The series of acts 1100 includes an act 1102 of generating a set of image tokens from a digital image. Further, the series of acts 1100 includes an act 1104 of generating a set of anchor tokens from a set of image tokens. Further, the series of acts 1100 includes an act 1105 of generating combined tokens from the set of anchor tokens and noised tokens. Moreover, the series of acts 1100 includes an act 1106 of generating denoised tokens from noised tokens and the set of anchor tokens. Further, the series of acts 1100 includes an act 1108 of generating a digital video based on the denoised tokens.

In particular, the act 1102 includes generating, from an image-to-video request comprising a digital image, a set of image tokens from the digital image. Further, the act 1104 includes generating a set of anchor tokens from the set of image tokens by adding a timestep embedding to the set of image tokens that indicates that the set of image tokens are fully denoised. Further, the act 1105 includes generating combined tokens from the set of anchor tokens and noised tokens that are generated from noise. Moreover, the act 1106 includes generating, utilizing a diffusion transformer model to process the combined tokens, denoised tokens. Furthermore, the act 1108 includes generating a digital video comprising at least a portion of the digital image based on the denoised tokens.

For example, in one or more embodiments, the series of acts 1100 includes receiving, from a client device at inference time, the image-to-video request to generate the digital video comprising the digital image and the image-to-video request indicates that the digital image is to be portrayed in the digital video. In addition, in one or more embodiments, the series of acts 1100 includes wherein the image-to-video request indicates that the digital image is to be included as a first frame of a sequence of frames, an intermediate frame of the sequence of frames, or a final frame of the sequence of frames.

Moreover, in one or more embodiments, the series of acts 1100 includes generating, from the digital image of the image-to-video request, an embedding that represents the digital image. Further, in one or more embodiments, the series of acts 1100 includes generating, utilizing a tokenization model to break down the digital image into a plurality of image patches, the set of image tokens from the embedding.

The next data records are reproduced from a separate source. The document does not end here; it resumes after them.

lemma eventually_rotation_window_sandwich:
  fixes y :: "nat \<Rightarrow> real" and P :: "nat \<Rightarrow> bool"
  assumes y: "(\<lambda>k. y k - (real k * \<alpha> + \<beta>)) \<longlonglongrightarrow> 0" and \<eta>: "\<eta> > 0"
    and lo: "\<forall>\<^sub>F k in sequentially. frac (y k - \<eta>) < L - 2 * \<eta> \<longrightarrow> P k"
    and up: "\<forall>\<^sub>F k in sequentially. P k \<longrightarrow> frac (y k + \<eta>) < L + 2 * \<eta>"
  shows "\<forall>\<^sub>F k in sequentially. (frac (real k * \<alpha> + (\<beta> - 2 * \<eta>)) < L - 4 * \<eta> \<longrightarrow> P k)
           \<and> (P k \<longrightarrow> frac (real k * \<alpha> + (\<beta> + 2 * \<eta>)) < min (L + 4 * \<eta>) 1)"
proof -
  have "\<forall>\<^sub>F k in sequentially. \<bar>y k - (real k * \<alpha> + \<beta>)\<bar> < \<eta>"
    using tendstoD[OF y \<eta>] by (simp add: dist_real_def)
  then show ?thesis
    using lo up
  proof eventually_elim
    case (elim k)
    define d where "d = y k - (real k * \<alpha> + \<beta>)"
    have "frac (y k - \<eta>) = frac ((real k * \<alpha> + (\<beta> - 2 * \<eta>)) + (\<eta> + d))"
      unfolding d_def by (simp add: algebra_simps)
    also have "\<dots> \<le> frac (real k * \<alpha> + (\<beta> - 2 * \<eta>)) + (\<eta> + d)"
      using elim(1) unfolding d_def by (intro frac_add_le) simp
    finally have lower: "frac (y k - \<eta>) \<le> frac (real k * \<alpha> + (\<beta> - 2 * \<eta>)) + (\<eta> + d)" .
    have "frac (real k * \<alpha> + (\<beta> + 2 * \<eta>)) = frac ((y k + \<eta>) + (\<eta> - d))"
      unfolding d_def by (simp add: algebra_simps)
    also have "\<dots> \<le> frac (y k + \<eta>) + (\<eta> - d)"
      using elim(1) unfolding d_def by (intro frac_add_le) simp
    finally have upper: "frac (real k * \<alpha> + (\<beta> + 2 * \<eta>)) \<le> frac (y k + \<eta>) + (\<eta> - d)" .
    show ?case
      using elim lower upper frac_lt_1 unfolding d_def by auto
  qed
qed
lemma append_extends:
  assumes none: "\<forall>r w. A (r, c) = Some w \<longrightarrow> \<not> elt_less z w"
  defines "L \<equiv> col_len A c"
  shows "extends_by_path T (A((L + 1, c) \<mapsto> z)) c (X(c := z)) (R(c := L + 1))"
proof -
  have col: "{i. (i, c) \<in> dom A} = {1..L}"
    using young_col_len[OF young_dom] unfolding L_def .
  have "L + 1 \<notin> {i. (i, c) \<in> dom A}"
    using col by simp
  then have new: "(L + 1, c) \<notin> dom T"
    using dom_eq by simp
  have "B1_rows_strict (A((L + 1, c) \<mapsto> z))"
  proof (rule B1_rows_strict_upd[OF rows_strict])
    show "elt_less u z" if "j < c" "A (L + 1, j) = Some u" "isB1 u" for j u
      using left_less[OF _ append_below_source[OF none, folded L_def] that] by simp
    show "elt_less z u" if "c < j" "A (L + 1, j) = Some u" "isB1 u" for j u
      using young_dom_downward[OF young_dom that(2), of "L + 1" c] that(1) c_pos new dom_eq by simp
  qed
  moreover have "B1_cols_weak (A((L + 1, c) \<mapsto> z))"
  proof (rule B1_cols_weak_upd[OF cols_weak])
    show "elt_le u z" if "i < L + 1" "A (i, c) = Some u" "isB1 u" for i u
      using none that(2) not_elt_less by blast
    show "elt_le z u" if "L + 1 < i" "A (i, c) = Some u" "isB1 u" for i u
    proof -
      have "i \<in> {i. (i, c) \<in> dom A}"
        using that(2) by auto
      then show ?thesis
        using that(1) unfolding col by simp
    qed
  qed
  moreover have "\<not> isB1 e \<Longrightarrow> (A((L + 1, c) \<mapsto> z)) p = Some e \<longleftrightarrow> T p = Some e" for p e
    using B0_eq[of e p] new z_B1 by auto
  ultimately show ?thesis
    unfolding extends_by_path_def
    using new append_young[OF none, folded L_def] dom_eq bumping_path_snoc[OF path z_B1 path_less]
    by simp
qed

lemma bump_below_source:
  assumes w: "A (r, c) = Some w" "elt_less z w"
    and min: "\<forall>r' w'. A (r', c) = Some w' \<and> elt_less z w' \<longrightarrow> elt_le w w' \<and> (w' = w \<longrightarrow> r \<le> r')"
    and "2 \<le> c"
  shows "r \<le> R (c - 1)"
proof (rule ccontr)
  assume "\<not> r \<le> R (c - 1)"
  moreover have "1 \<le> R (c - 1)"
    using bumping_pathD[OF path, of "c - 1"] young_dom_pos[OF young_dom] assms(4) by force
  ultimately have "(R (c - 1), c) \<in> dom A"
    using young_dom_downward[OF young_dom w(1)] c_pos by simp
  then obtain u where "A (R (c - 1), c) = Some u"
    by auto
  then have "r \<le> R (c - 1)"
    using source_right_B1[OF assms(4)] col_bump_row_le[OF cols_weak w(1) _ min]
      isB1_upward[OF w(2) z_B1] by blast
  with \<open>\<not> r \<le> R (c - 1)\<close> show False
    by simp
qed

lemma bump_state:
  assumes w: "A (r, c) = Some w" "elt_less z w"
    and min: "\<forall>r' w'. A (r', c) = Some w' \<and> elt_less z w' \<longrightarrow> elt_le w w' \<and> (w' = w \<longrightarrow> r \<le> r')"
  shows "isB1 w" and "B1_col_ins_state T (A((r, c) \<mapsto> z)) (X(c := z)) (R(c := r)) w (c + 1)"
proof -
  show w_B1: "isB1 w"
    using isB1_upward w(2) z_B1 by blast
  note row_le = col_bump_row_le[OF cols_weak w(1) w_B1 min]
  have r_pos: "1 \<le> r"
    using young_dom_pos[OF young_dom w(1)] by blast
  show "B1_col_ins_state T (A((r, c) \<mapsto> z)) (X(c := z)) (R(c := r)) w (c + 1)"
  proof unfold_locales
    show "young (dom T)" "young (sigma_part T)" "isB1 w" "1 \<le> c + 1"
      using young_dom_T young_sigma_T w_B1 by auto
    show "dom (A((r, c) \<mapsto> z)) = dom T"
      using dom_eq w(1) by auto
    show "\<not> isB1 e \<Longrightarrow> (A((r, c) \<mapsto> z)) p = Some e \<longleftrightarrow> T p = Some e" for p e
      using B0_eq[of e p] right_eq[of c r] w(1) z_B1 w_B1 by auto
    show "c + 1 \<le> j \<Longrightarrow> (A((r, c) \<mapsto> z)) (i, j) = T (i, j)" for i j
      using right_eq by simp
    show "B1_rows_strict (A((r, c) \<mapsto> z))"
    proof (rule B1_rows_strict_upd[OF rows_strict])
      show "elt_less u z" if "j < c" "A (r, j) = Some u" "isB1 u" for j u
        using left_less[OF r_pos bump_below_source[OF w min] that] .
      show "elt_less z u" if "c < j" "A (r, j) = Some u" "isB1 u" for j u
        using B1_rows_strictD[OF rows_strict that(1) w(1) that(2) w_B1 that(3)] w(2) elt_less_trans
        by blast
    qed
    show "B1_cols_weak (A((r, c) \<mapsto> z))"
    proof (rule B1_cols_weak_upd[OF cols_weak])
      show "elt_le u z" if "i < r" "A (i, c) = Some u" "isB1 u" for i u
        using row_le[OF that(2,3)] that(1) not_elt_less by fastforce
      show "elt_le z u" if "r < i" "A (i, c) = Some u" "isB1 u" for i u
        using B1_cols_weakD[OF cols_weak that(1) w(1) that(2) w_B1 that(3)] w(2)
          elt_less_le_trans unfolding elt_le_def by blast
    qed
    show "bumping_path (A((r, c) \<mapsto> z)) (c + 1 - 1) (X(c := z)) (R(c := r))"
      using bumping_path_snoc[OF path z_B1 path_less] by simp
    show "2 \<le> c + 1 \<Longrightarrow> elt_less ((X(c := z)) (c + 1 - 1)) w"
      using w(2) by simp
    show "elt_less w u"
      if "2 \<le> c + 1" "(A((r, c) \<mapsto> z)) ((R(c := r)) (c + 1 - 1), c + 1) = Some u" "isB1 u" for u
      using B1_rows_strictD[OF rows_strict _ w(1) _ w_B1 that(3), of "c + 1"] that(2) by simp
  qed
qed

end

lemma B1_col_insertion_extends:
  "ins_run A job T1 b \<Longrightarrow> job = ColIns y d \<Longrightarrow> B1_col_ins_state T A X R y d \<Longrightarrow>
    \<exists>k X' R'. d \<le> k \<and> extends_by_path T T1 k X' R'"
proof (induction arbitrary: y d X R rule: ins_run.induct)
  case (col_append A c z)
  then show ?case
    using B1_col_ins_state.append_extends by blast
next
  case (col_bump A r c w z T' b)
  then have st: "B1_col_ins_state T A X R z c"
    by simp
  have "isB1 w"
    using B1_col_ins_state.bump_state(1)[OF st col_bump.hyps(1-3)] .
  then have "\<exists>k X' R'. c + 1 \<le> k \<and> extends_by_path T T' k X' R'"
    using col_bump.IH[OF _ B1_col_ins_state.bump_state(2)[OF st col_bump.hyps(1-3)]] by simp
  then show ?case
    using col_bump.prems(1) by (auto dest: Suc_leD)
qed simp_all

section \<open>Row insertion of a B0 letter after a column insertion\<close>

locale bumped_tableau =
  fixes T1 :: tab and k :: nat and X :: "nat \<Rightarrow> entry" and R :: "nat \<Rightarrow> nat"
  assumes young_dom: "young (dom T1)" and young_sigma: "young (sigma_part T1)"
    and rows_strict: "B1_rows_strict T1" and cols_weak: "B1_cols_weak T1"
    and B0_cols: "B0_cols_strict T1"
    and k_pos: "1 \<le> k" and path: "bumping_path T1 k X R"
    and col_k_bottom: "\<And>r. (r, k) \<in> dom T1 \<Longrightarrow> r \<le> R k"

Moreover, in one or more embodiments, the series of acts 1100 includes initializing the noised tokens by sampling a random level of noise from a noise distribution. Further, in one or more embodiments, the series of acts 1100 includes removing noise from the noised tokens according to the set of anchor tokens utilizing the diffusion transformer model.

Moreover, in one or more embodiments, the series of acts 1100 includes generating a sequence of frames from the denoised tokens, wherein the digital video includes the digital image as at least one of a portion of a frame of the sequence of frames, one or more keyframes in the sequence of frames, or one or more motion frames in the sequence of frames.

Additionally, in one or more embodiments, the series of acts 1100 includes generating, from a frame of a sequence of training frames, a training embedding that represents the frame. Moreover, in one or more embodiments, series of acts 1100 includes generating, utilizing a tokenization model, a set of training tokens from the training embedding. Further, in one or more embodiments, the series of acts 1100 includes generating, utilizing the tokenization model, noised training tokens from the sequence of training frames that does not include the frame.

Furthermore, in one or more embodiments, the series of acts 1100 includes generating training anchor tokens by concatenating timestep embeddings to the set of training tokens to indicate that the set of training tokens are fully denoised. Moreover, in one or more embodiments, the series of acts 1100 includes generating, utilizing the diffusion transformer model to process the training anchor tokens and the noised training tokens, denoised training tokens.

Moreover, in one or more embodiments, the series of acts 1100 includes generating, utilizing a detokenization model, denoised training embeddings from the denoised training tokens. Further, in one or more embodiments, the series of acts 1100 includes comparing the denoised training embeddings with embeddings generated from the sequence of training frames prior to tokenization.

Moreover, in one or more embodiments, the series of acts 1100 includes determining a measure of loss from comparing the denoised training embeddings with the embeddings generated from the sequence of training frames prior to tokenization to modify parameters of the diffusion transformer model. In addition, in one or more embodiments, the series of acts 1100 includes generating, from a first pass of the combined tokens through the diffusion transformer model, a conditional token output from the denoised tokens. Further, in one or more embodiments, the series of acts 1100 includes generating, from a second pass of additional combined tokens through the diffusion transformer model, an unconditional token output from additional denoised tokens. Moreover, in one or more embodiments, the series of acts 1100 includes generating a final token output by combining the conditional token output and the unconditional token output. Further, in one or more embodiments, the series of acts 1100 includes generating the digital video comprising at least the portion of the digital image based on the final token output.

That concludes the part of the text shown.